We seek the equilibrium composition $n \in \mathbb{R}^{n_s}$ minimising the Gibbs free energy subject to element-mass conservation:

\[\min_{n \in \mathbb{R}^{n_s}}\ f(n, p) \qquad \text{subject to} \quad A n = b, \quad n \geq \ell\]

SymbolMeaning
$n_i$mole amount of species $i$
$f(n,p)$Gibbs free energy (objective)
$A \in \mathbb{R}^{m \times n_s}$stoichiometric (conservation) matrix
$b \in \mathbb{R}^m$element abundance vector
$\ell \in \mathbb{R}^{n_s}$lower bounds (positivity floor $\varepsilon \approx 10^{-16}$)
$p$parameter tuple $(T, P, \mu^0, \ldots)$

For an ideal/dilute aqueous solution the gradient and Hessian diagonal are:

\[\frac{\partial f}{\partial n_i} = \frac{\mu_i^0}{RT} + \ln n_i + 1, \qquad \frac{\partial^2 f}{\partial n_i^2} = \frac{1}{n_i}.\]

Log-barrier interior-point method

Barrier augmentation

To enforce $n \geq \ell$ strictly without explicit inequality constraints, a logarithmic barrier term is added to the objective:

\[\min_{n}\ \phi_\mu(n) := f(n) - \mu \sum_{i=1}^{n_s} \ln(n_i - \ell_i) \qquad \text{s.t.} \quad A n = b.\]

The barrier weight $\mu > 0$ is driven to zero over an outer loop; as $\mu \to 0$ the barrier minimiser converges to the original constrained minimiser.

KKT conditions

At a stationary point $(n^*, y^*)$ of the barrier-augmented Lagrangian

\[\mathcal{L}(n, y;\, \mu) = \phi_\mu(n) + y^\top (A n - b)\]
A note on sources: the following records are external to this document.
lemma circumscribing_inscribed_triangles_eq:
  assumes P: "cmod P < 1" and Q: "cmod Q < 1" and R: "cmod R < 1"
  shows "circumscribing_inscribed_triangles P Q R = chord_triangle P Q ` closing_vertices P Q R"
proof (intro equalityI subsetI)
  fix T assume "T \<in> circumscribing_inscribed_triangles P Q R"
  then obtain a b c where T: "T = {a, b, c}" and abc: "cmod a = 1" "cmod b = 1" "cmod c = 1"
    and "P \<in> closed_segment a b" "Q \<in> closed_segment b c" "R \<in> closed_segment c a"
    unfolding circumscribing_inscribed_triangles_def circle_S1_def by blast
  then have "b = chord_end P a" "c = chord_end Q b" "a = chord_end R c"
    using mem_closed_segment_iff_chord_end P Q R by blast+
  then have "a \<in> closing_vertices P Q R" "T = chord_triangle P Q a"
    unfolding closing_vertices_def chord_triangle_def T using abc(1) by auto
  then show "T \<in> chord_triangle P Q ` closing_vertices P Q R" by blast
next
  fix T assume "T \<in> chord_triangle P Q ` closing_vertices P Q R"
  then obtain a where a: "a \<in> closing_vertices P Q R" and T: "T = chord_triangle P Q a"
    by blast
  define b where "b = chord_end P a"
  define c where "c = chord_end Q b"
  note abc = closing_vertex_triangle[OF P Q R a, folded b_def, folded c_def]
  have "P \<in> closed_segment a b" "Q \<in> closed_segment b c" "R \<in> closed_segment c a"
    using mem_closed_segment_iff_chord_end abc P Q R unfolding b_def c_def by metis+
  moreover have "T = {a, b, c}" unfolding T chord_triangle_def b_def c_def ..
  ultimately show "T \<in> circumscribing_inscribed_triangles P Q R"
    unfolding circumscribing_inscribed_triangles_def circle_S1_def using abc by blast
qed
the first-order KKT conditions are:

\[e_x(n,y;\mu) := \nabla_n f(n) + A^\top y - \frac{\mu}{n - \ell} = 0 \qquad (\text{optimality, } n_s \text{ equations})\]

\[e_w(n) := A n - b = 0 \qquad (\text{feasibility, } m \text{ equations})\]

where division by $n - \ell$ is component-wise. KKTResidual stores $(e_x, e_w)$ together with $\|e_x\|_\infty$ and $\|e_w\|_\infty$.

Convergence criterion

The solver declares convergence when

\[\max\!\bigl(\|e_x\|_\infty,\, \|e_w\|_\infty\bigr) < \texttt{tol}.\]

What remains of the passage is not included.